What is Wort and How is it Made?

To answer the question technically, the wort is a liquid solution of extracted grains, a sugar source that brewers create and then ultimately feed to beer yeasts. Non-technically, the wort is sugary grain water.

All fermented beverages—wine, beer, hard cider, or spirits—start with some liquid sugar source. The yeast then eats the sugar, which creates alcohol, CO2, and additional flavors. For example, in wine, the sugar source you start with is grape juice; for cider, you start with apple juice; and for beer, you start with wort.

Before we can even begin creating wort, the grains must be prepared with malting. Most, but not all, brewing grains are malted before use.

Malting Time

Malting is a complex process, but we’ll keep it simple here. Generally, the maltster (the malting person) takes raw barley (or other grains) and soaks them in water. The grain is then encouraged to sprout on a large floor or tank.
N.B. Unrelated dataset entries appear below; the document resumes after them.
(* Let $a, b, n$ be positive integers with $b>1$, $n>1$ and $\gcd(r_b(n),a)=1$. Then the numerical semigroup $S_a(b,n)$ is homogeneous.
   Context: For an integer $\ell \ge 1$, $r_b(\ell) = \sum_{j=0}^{\ell-1} b^j$, and $r_b(0)=0$. For $i \ge 1$, $a_i := r_b(n) + a\, r_b(i-1)$; $S_a(b,n)$ is the numerical semigroup generated by $\{a_i\}$, minimally generated by $a_1,\ldots,a_n$. For a numerical semigroup $S$ minimally generated by $\{g_1,\ldots,g_e\}$ and $s\in S$, the set of lengths is $\mathsf{L}_S(s) = \{\sum_j u_j : s = \sum_j u_j g_j,\ u_j \in \mathbb{N}\}$. $S$ is homogeneous if $\mathsf{L}_S(s)$ is a singleton for every $s \in \operatorname{Ap}(S) = \{\omega\in S: \omega - \operatorname{m}(S)\notin S\}$, with $\operatorname{m}(S)$ the multiplicity (smallest nonzero element). *)

theory Defs
  imports Main
begin

definition repunit :: "nat \<Rightarrow> nat \<Rightarrow> nat" where
  "repunit b l = (\<Sum>j<l. b ^ j)"

inductive_set monoid_gen :: "nat set \<Rightarrow> nat set" for A where
  zero: "0 \<in> monoid_gen A"
| add: "x \<in> A \<Longrightarrow> y \<in> monoid_gen A \<Longrightarrow> x + y \<in> monoid_gen A"

definition numerical_semigroup :: "nat set \<Rightarrow> bool" where
  "numerical_semigroup S \<longleftrightarrow> 0 \<in> S \<and> (\<forall>x\<in>S. \<forall>y\<in>S. x + y \<in> S) \<and> finite (UNIV - S)"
This germination process activates enzymes inside every kernel of grain, eventually allowing the grain to create the sugars that brewers are looking for.

After the grains are germinated, they are kiln-dried to various degrees, creating many different potential flavors and colors in the final beer. As in, if we roast a grain until it’s nice and brown, it could be used to make the dark hue in a stout. Or if we lightly dry a grain, it could be used to make the light-golden color you’ll find in a pilsner.

Brewing (briefly) explained

Ultimately, brewers will take their grains (which they call “grist”) and, after milling it to crack open the grain’s husks, complete the following four steps that encapsulate the very fundamentals of making wort.

They soak the grains in hot water in a process called mashing.

They then rinse the sugars off all grains during the lautering phase, where the wort is created. Mashing and lautering, combined, can take around 2 – 3+ hours.

Once the liquid wort is drained from the mash/ lauter tun, it is then boiled. During the boil is typically when the first hops are added.

After boiling comes the whirlpool, where more hops or spices can be added and where brewers remove any solids that have formed in the wort (think of how eggs go from liquid to solid, the same happens to glutens in grain when they’re heated up).

The result is our good friend wort (now with hops added to it), which, if we had to describe it, tastes like lovely liquid bread with a touch of hop aroma and bitterness.

After that, the wort is cooled, and the yeast is added.